Task brief ▸ Beneath this instruction is a listing; print exactly the lines in it starting at the line that contains "by (simp add: vec.dimension_def" and going through the line that contains "obtain B where".

Data under study ▸
(* Suppose there exists an $[n,k_0]$ code $C_0$ over $\mathbb{F}_q$ with $d(C_0^\perp)=\delta\ge 3$. If $C$ is an $[n,k]$ code over $\mathbb{F}_q$ with $d(C^\perp)=\delta$ and $k>k_0$, then $\gamma(C)\le k-d(C^\perp)+2$.
   Context: An $[n,k]$ code over $\mathbb{F}_q$ is a $k$-dimensional subspace $C\subseteq\mathbb{F}_q^n$; write $E=\{1,\dots,n\}$. For $\bm{x}\in\mathbb{F}_q^n$, $\mathrm{supp}(\bm{x})=\{i: x_i\neq 0\}$ and the weight is $|\mathrm{supp}(\bm{x})|$; for $B\subseteq\mathbb{F}_q^n$, $\mathrm{Supp}(B)=\bigcup_{\bm{x}\in B}\mathrm{supp}(\bm{x})$. $C^\perp$ is the dual code with respect to the standard inner product and $d(C^\perp)$ is the minimum weight of a nonzero codeword of $C^\perp$. The covering dimension is $\gamma(C)=\infty$ if $\mathrm{Supp}(C)\neq E$, and otherwise $\gamma(C)$ is the least positive integer $r$ such that $C$ has an $r$-dimensional subspace $D$ with $\mathrm{Supp}(D)=E$. *)

theory Defs
  imports "HOL-Analysis.Analysis" "HOL-Library.Extended_Nat"
begin

text \<open>Linear codes of length n = CARD('n) over a finite field 'a (q = CARD('a)),
  i.e. subspaces of 'a ^ 'n; the coordinate set E is UNIV :: 'n set.\<close>

definition is_code :: "('a::{field,finite} ^ 'n::finite) set \<Rightarrow> nat \<Rightarrow> bool" where
  "is_code C k \<longleftrightarrow> vec.subspace C \<and> vec.dim C = k"

definition supp :: "'a::zero ^ 'n::finite \<Rightarrow> 'n set" where
  "supp x = {i. x $ i \<noteq> 0}"

definition Supp :: "('a::zero ^ 'n::finite) set \<Rightarrow> 'n set" where
  "Supp B = (\<Union>x\<in>B. supp x)"

definition wt :: "'a::zero ^ 'n::finite \<Rightarrow> nat" where
  "wt x = card (supp x)"

definition dual_code :: "('a::field ^ 'n::finite) set \<Rightarrow> ('a ^ 'n) set" where
  "dual_code C = {y. \<forall>x\<in>C. (\<Sum>i\<in>UNIV. x $ i * y $ i) = 0}"

definition min_dist :: "('a::zero ^ 'n::finite) set \<Rightarrow> nat" where
  "min_dist D = (LEAST w. \<exists>x\<in>D. x \<noteq> 0 \<and> wt x = w)"

definition covering_dim :: "('a::{field,finite} ^ 'n::finite) set \<Rightarrow> enat" where
  "covering_dim C =
     (if Supp C \<noteq> UNIV then \<infinity>
      else enat (LEAST r. 0 < r \<and> (\<exists>D. vec.subspace D \<and> D \<subseteq> C \<and> vec.dim D = r \<and> Supp D = UNIV)))"

end

theory Submission
  imports Defs
begin

text \<open>A code \<open>C\<^sub>0\<close> whose dual has minimum distance \<open>\<delta>\<close> separates, by its parity-check
  syndromes, any set of vectors at mutual distance below \<open>\<delta>\<close>. The vectors supported on
  \<open>\<delta> - 3\<close> fixed coordinates plus one further coordinate form such a set, which gives the
  packing bound \<open>q\<^bsup>\<delta>-3\<^esup>(1 + (q - 1)(n - \<delta> + 3)) \<le> q\<^bsup>k\<^sub>0\<^esup>\<close>.

  For \<open>C\<close>, dual distance \<open>\<delta>\<close> means that every pattern on \<open>\<delta> - 1\<close> coordinates occurs in
  \<open>C\<close>, so a single codeword \<open>d\<^sub>0\<close> covers a set \<open>T\<close> of \<open>\<delta> - 2\<close> coordinates. The other
  \<open>n - \<delta> + 2\<close> coordinates are covered by a set \<open>B \<subseteq> C\<close>, and as long as
  \<open>q\<^bsup>|B|\<^esup> > 1 + (q - 1)(n - \<delta> + 2)\<close> a counting argument yields weights \<open>f\<close> on \<open>B\<close>
  proportional to no coordinate column of \<open>B\<close>; eliminating one vector of \<open>B\<close> against the
  others by means of \<open>f\<close> keeps every coordinate covered. By the packing bound and
  \<open>k > k\<^sub>0\<close>, \<open>B\<close> shrinks to \<open>k + 1 - \<delta>\<close> vectors, and \<open>span (d\<^sub>0, B)\<close> is a subcode
  of full support and dimension at most \<open>k + 2 - \<delta>\<close>.\<close>

definition dot :: "'a::field ^ 'n::finite \<Rightarrow> 'a ^ 'n \<Rightarrow> 'a" where
  "dot x y = (\<Sum>i\<in>UNIV. x $ i * y $ i)"

definition syndrome :: "('a::field ^ 'n::finite) set \<Rightarrow> 'a ^ 'n \<Rightarrow> 'a ^ 'n \<Rightarrow> 'a" where
  "syndrome B y = restrict (\<lambda>b. dot b y) B"

definition dual_distance_ge :: "('a::field ^ 'n::finite) set \<Rightarrow> nat \<Rightarrow> bool" where
  "dual_distance_ge C \<delta> \<longleftrightarrow> (\<forall>y\<in>dual_code C. y \<noteq> 0 \<longrightarrow> \<delta> \<le> wt y)"

lemma card_field_ge_2: "2 \<le> CARD('a::{field,finite})"
proof -
  have "card {0::'a, 1} \<le> CARD('a)" by (rule card_mono) auto
  then show ?thesis by simp
qed

lemma dual_code_dot: "dual_code C = {y. \<forall>x\<in>C. dot x y = 0}"
  by (simp add: dual_code_def dot_def)

lemma dot_diff_right: "dot x (y - z) = dot x y - dot x z"
  by (simp add: dot_def algebra_simps sum_subtractf)

lemma dot_axis_left: "dot (axis j 1) y = y $ j"
  unfolding dot_def axis_def by (simp add: of_bool_def[symmetric])

lemma dot_eq_0_on_span:
  assumes "\<forall>b\<in>B. dot b y = 0" and "x \<in> vec.span B"
  shows "dot x y = 0"
proof -
  have "vec.subspace {x. dot x y = 0}"
    unfolding vec.subspace_def dot_def
    by (auto simp: distrib_right sum.distrib mult.assoc simp flip: sum_distrib_left)
  then have "vec.span B \<subseteq> {x. dot x y = 0}"
    using assms(1) by (intro vec.span_minimal) auto
  then show ?thesis using assms(2) by auto
qed

lemma dot_diff_eq_0_if_syndrome_eq:
  assumes "syndrome B y = syndrome B y'" and "b \<in> B"
  shows "dot b (y - y') = 0"
  using fun_cong[OF assms(1), of b] assms(2) by (simp add: syndrome_def dot_diff_right)

lemma card_le_power_if_inj_on_syndrome:
  fixes B Y :: "('a::{field,finite} ^ 'n::finite) set"
  assumes "inj_on (syndrome B) Y"
  shows "card Y \<le> CARD('a) ^ card B"
proof -
  have "card Y = card (syndrome B ` Y)"
    using assms by (simp add: card_image)
  also have "\<dots> \<le> card (PiE B (\<lambda>_. UNIV :: 'a set))"
    by (rule card_mono) (auto simp: syndrome_def)
  also have "\<dots> = CARD('a) ^ card B"
    by (simp add: card_PiE)
  finally show ?thesis .
qed

lemma dim_less_if_proper_subspace:
  fixes W :: "('a::field ^ 'n::finite) set"
  assumes "vec.subspace W" and "W \<noteq> UNIV"
  shows "vec.dim W < CARD('n)"
proof -
  have "vec.span W \<noteq> UNIV"
    using assms vec.span_eq_iff by metis
  then show ?thesis
    using dim_subset_UNIV_cart_gen[of W] vec.dim_eq_full[of W]
    by (simp add: vec.dimension_def card_cart_basis)
qed

lemma exists_nonzero_orthogonal:
  fixes W :: "('a::{field,finite} ^ 'n::finite) set"
  assumes "vec.subspace W" and "W \<noteq> UNIV"
  shows "\<exists>y. y \<noteq> 0 \<and> (\<forall>x\<in>W. dot x y = 0)"
proof -
  obtain B where B: "W \<subseteq> vec.span B" "card B = vec.dim W"
    using vec.basis_exists by blast
  have "\<not> inj_on (syndrome B) UNIV"
  proof
    assume "inj_on (syndrome B) UNIV"
    then have "CARD('a) ^ CARD('n) \<le> CARD('a) ^ card B"
      using card_le_power_if_inj_on_syndrome by fastforce
    moreover have "CARD('a) ^ card B < CARD('a) ^ CARD('n)"
      using dim_less_if_proper_subspace[OF assms] B(2) card_field_ge_2[where 'a='a]
      by (intro power_strict_increasing) auto
    ultimately show False by simp
  qed
  then obtain y y' where "y \<noteq> y'" and "syndrome B y = syndrome B y'"
    unfolding inj_on_def by blast
  then have "\<forall>b\<in>B. dot b (y - y') = 0"
    using dot_diff_eq_0_if_syndrome_eq by blast
  then have "\<forall>x\<in>W. dot x (y - y') = 0"
    using dot_eq_0_on_span B(1) by blast
  then show ?thesis using \<open>y \<noteq> y'\<close> by (metis right_minus_eq)
qed

lemma dual_distance_ge_min_dist: "dual_distance_ge C (min_dist (dual_code C))"
  unfolding dual_distance_ge_def min_dist_def by (auto intro: Least_le)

Your response ▸
    by (simp add: vec.dimension_def card_cart_basis)
qed

lemma exists_nonzero_orthogonal:
  fixes W :: "('a::{field,finite} ^ 'n::finite) set"
  assumes "vec.subspace W" and "W \<noteq> UNIV"
  shows "\<exists>y. y \<noteq> 0 \<and> (\<forall>x\<in>W. dot x y = 0)"
proof -
  obtain B where B: "W \<subseteq> vec.span B" "card B = vec.dim W"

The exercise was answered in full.